Reuben Gregg Brewer (Enterprise Products Partners L.P.): Enterprise Products Partners hails from the energy industry, but it doesn't drill for oil or natural gas. It helps move the fuels, and the products they get turned into, around the country and world. For the most part it's a fee-based business that depends more on demand for oil and gas than on the price of these often volatile commodities. That helps explain why Enterprise has been able to increase its distribution for 51 consecutive quarters -- including right through the deep oil downturn that started in mid-2014.

Oil pipelines lead to a refinery in the distance.

Image source: Getty Images.

The best part, however, is that Enterprise offers unitholders a roughly 6.2% distribution yield that it was able to cover 1.3 times over in the first quarter. Add to that ample distribution coverage the company's roughly $8.5 billion in growth projects currently being built, and more distribution increases look like a lock. So a high yield and distribution growth -- nice!  

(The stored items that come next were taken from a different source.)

lemma sum_collisions:
  "2 * real n * (\<Sum>f\<in>words n N. \<Sum>t<N. real (prev_occ f t)) = real n ^ N * real N * (real N - 1)"
proof (induction N)
  case (Suc N)
  define S where "S = (\<Sum>f\<in>words n N. \<Sum>t<N. real (prev_occ f t))"
  have "(\<Sum>f\<in>words n (Suc N). \<Sum>t<Suc N. real (prev_occ f t))
      = (\<Sum>f\<in>words n N. \<Sum>x<n. (\<Sum>t<N. real (prev_occ f t)) + real (occ f N x))"
    by (simp only: sum_words_Suc sum_prev_occ_fun_upd)
  also have "\<dots> = (\<Sum>f\<in>words n N. real n * (\<Sum>t<N. real (prev_occ f t)) + real N)"
    using sum_occ words_lessD by (intro sum.cong refl) (simp add: sum.distrib flip: of_nat_sum)
  also have "\<dots> = real n * S + real n ^ N * real N"
    by (simp add: S_def sum.distrib sum_distrib_left card_words)
  finally have "2 * real n * (\<Sum>f\<in>words n (Suc N). \<Sum>t<Suc N. real (prev_occ f t))
      = real n * (2 * real n * S) + 2 * real n ^ Suc N * real N"
    by (simp add: algebra_simps)
  also have "\<dots> = real n ^ Suc N * real (Suc N) * (real (Suc N) - 1)"
    unfolding Suc.IH[folded S_def] by (simp add: algebra_simps)
  finally show ?case .
qed simp

lemma sum_square_shift:
  fixes c :: "nat \<Rightarrow> real"
  shows "(\<Sum>x<n. (y + c x - m)\<^sup>2) = real n * (y - m)\<^sup>2 + 2 * (y - m) * (\<Sum>x<n. c x) + (\<Sum>x<n. (c x)\<^sup>2)"
proof -
  have "(\<Sum>x<n. (y + c x - m)\<^sup>2) = (\<Sum>x<n. (y - m)\<^sup>2 + 2 * (y - m) * c x + (c x)\<^sup>2)"
    by (intro sum.cong) (auto simp: power2_eq_square algebra_simps)
  then show ?thesis
    by (simp add: sum.distrib sum_distrib_left)
qed

lemma sum_collisions_dev_squared:
  assumes "n > 0"
  shows "(\<Sum>f\<in>words n N. ((\<Sum>t<N. real (prev_occ f t)) - real N * (real N - 1) / (2 * real n))\<^sup>2)
      \<le> real n ^ N * (real N)\<^sup>2 / real n"
proof (induction N)
  case (Suc N)
  define X where "X f = (\<Sum>t<N. real (prev_occ f t))" for f
  define \<mu> where "\<mu> = real N * (real N - 1) / (2 * real n)"
  have n: "real n > 0"
    using assms by simp
  have mean_Suc: "real (Suc N) * (real (Suc N) - 1) / (2 * real n) = \<mu> + real N / real n"
    unfolding \<mu>_def using n by (simp add: field_simps)
  have "(\<Sum>f\<in>words n (Suc N). ((\<Sum>t<Suc N. real (prev_occ f t)) - real (Suc N) * (real (Suc N) - 1) / (2 * real n))\<^sup>2)
      = (\<Sum>f\<in>words n N. \<Sum>x<n. (X f + real (occ f N x) - (\<mu> + real N / real n))\<^sup>2)"
    unfolding sum_words_Suc mean_Suc X_def by (simp add: prev_occ_fun_upd prev_occ_fun_upd_self)
  also have "\<dots> = (\<Sum>f\<in>words n N. real n * (X f - \<mu>)\<^sup>2 + real N + 2 * X f - (real N)\<^sup>2 / real n)"
  proof (intro sum.cong refl)
    fix f assume "f \<in> words n N"
    then have "\<And>s. s < N \<Longrightarrow> f s < n"
      by (rule words_lessD)
    from sum_occ[OF this] sum_occ_squared[OF this]
    show "(\<Sum>x<n. (X f + real (occ f N x) - (\<mu> + real N / real n))\<^sup>2) =
        real n * (X f - \<mu>)\<^sup>2 + real N + 2 * X f - (real N)\<^sup>2 / real n"
      unfolding sum_square_shift X_def using n
      by (simp add: field_simps power2_eq_square flip: of_nat_sum)
  qed
  also have "\<dots> = real n * (\<Sum>f\<in>words n N. (X f - \<mu>)\<^sup>2) + real n ^ N * (real N - (real N)\<^sup>2 / real n)
      + 2 * (\<Sum>f\<in>words n N. X f)"
    by (simp add: sum.distrib sum_subtractf sum_distrib_left card_words algebra_simps)
  also have "2 * (\<Sum>f\<in>words n N. X f) = real n ^ N * real N * (real N - 1) / real n"
    using sum_collisions[of n N] n unfolding X_def by (simp add: field_simps)
  also have "real n * (\<Sum>f\<in>words n N. (X f - \<mu>)\<^sup>2) + real n ^ N * (real N - (real N)\<^sup>2 / real n)
      + real n ^ N * real N * (real N - 1) / real n
    \<le> real n * (real n ^ N * (real N)\<^sup>2 / real n) + real n ^ N * (real N - (real N)\<^sup>2 / real n)
      + real n ^ N * real N * (real N - 1) / real n"
    using Suc n unfolding X_def \<mu>_def by (intro add_right_mono mult_left_mono) auto
  also have "\<dots> \<le> real n ^ Suc N * (real (Suc N))\<^sup>2 / real n"
    using n by (simp add: field_simps power2_eq_square)
  finally show ?case .
qed simp

lemma sum_abs_collisions_dev:
  assumes "n > 0"
  shows "(\<Sum>f\<in>words n N. \<bar>(\<Sum>t<N. real (prev_occ f t)) - real N * (real N - 1) / (2 * real n)\<bar>)
      \<le> real n ^ N * (real N / sqrt (real n))"
proof -
  define D where "D f = (\<Sum>t<N. real (prev_occ f t)) - real N * (real N - 1) / (2 * real n)" for f
  have "(\<Sum>f\<in>words n N. \<bar>D f\<bar>)\<^sup>2 \<le> (\<Sum>f\<in>words n N. (D f)\<^sup>2) * real n ^ N"
    using sum_squared_le_sum_of_squares[of "\<lambda>f. \<bar>D f\<bar>" "words n N"] by (simp add: card_words)
  also have "\<dots> \<le> real n ^ N * (real N)\<^sup>2 / real n * real n ^ N"
    using sum_collisions_dev_squared[OF assms, of N] unfolding D_def by (intro mult_right_mono) auto
  also have "\<dots> = (real n ^ N * (real N / sqrt (real n)))\<^sup>2"
    using assms by (simp add: power_mult_distrib power_divide power2_eq_square)
  finally show ?thesis
    unfolding D_def by (rule power2_le_imp_le) simp
qed

lemma sum_sum_prev_occ_squared:
  assumes "n > 0"
  shows "(\<Sum>f\<in>words n N. \<Sum>t<N. (real (prev_occ f t))\<^sup>2)
      \<le> real n ^ N * ((real N)\<^sup>2 / real n + (real N)^3 / (real n)\<^sup>2)"
proof (induction N)
  case (Suc N)
  define Q where "Q f = (\<Sum>t<N. (real (prev_occ f t))\<^sup>2)" for f
  have n: "real n > 0"
    using assms by simp
  have "(\<Sum>f\<in>words n (Suc N). \<Sum>t<Suc N. (real (prev_occ f t))\<^sup>2)
      = (\<Sum>f\<in>words n N. \<Sum>x<n. Q f + (real (occ f N x))\<^sup>2)"
    unfolding sum_words_Suc Q_def by (simp add: prev_occ_fun_upd prev_occ_fun_upd_self)
  also have "\<dots> = (\<Sum>f\<in>words n N. real n * Q f + real N + 2 * (\<Sum>t<N. real (prev_occ f t)))"
    using sum_occ_squared words_lessD by (intro sum.cong refl) (simp add: sum.distrib)
  also have "\<dots> = real n * (\<Sum>f\<in>words n N. Q f) + real n ^ N * real N + real n ^ N * real N * (real N - 1) / real n"
    using sum_collisions[of n N] n
    by (simp add: sum.distrib sum_distrib_left card_words field_simps)
  also have "\<dots> \<le> real n * (real n ^ N * ((real N)\<^sup>2 / real n + (real N)^3 / (real n)\<^sup>2))
      + real n ^ N * real N + real n ^ N * real N * (real N - 1) / real n"
    using Suc n unfolding Q_def by (intro add_right_mono mult_left_mono) auto
  also have "\<dots> \<le> real n ^ Suc N * ((real (Suc N))\<^sup>2 / real n + (real (Suc N))^3 / (real n)\<^sup>2)"
    using n by (simp add: field_simps power2_eq_square power3_eq_cube)
  finally show ?case .
qed simp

That said, don't expect huge growth. Enterprise is already one of the nation's largest midstream partnerships. The law of large numbers means that expansion from here will likely be slow and steady, not fast and furious. So the first quarter's year-over-year distribution boost of roughly 5% is probably a good run rate to expect. But with a yield that's already around three times as large as the yield offered by the S&P 500, that's not such a bad thing.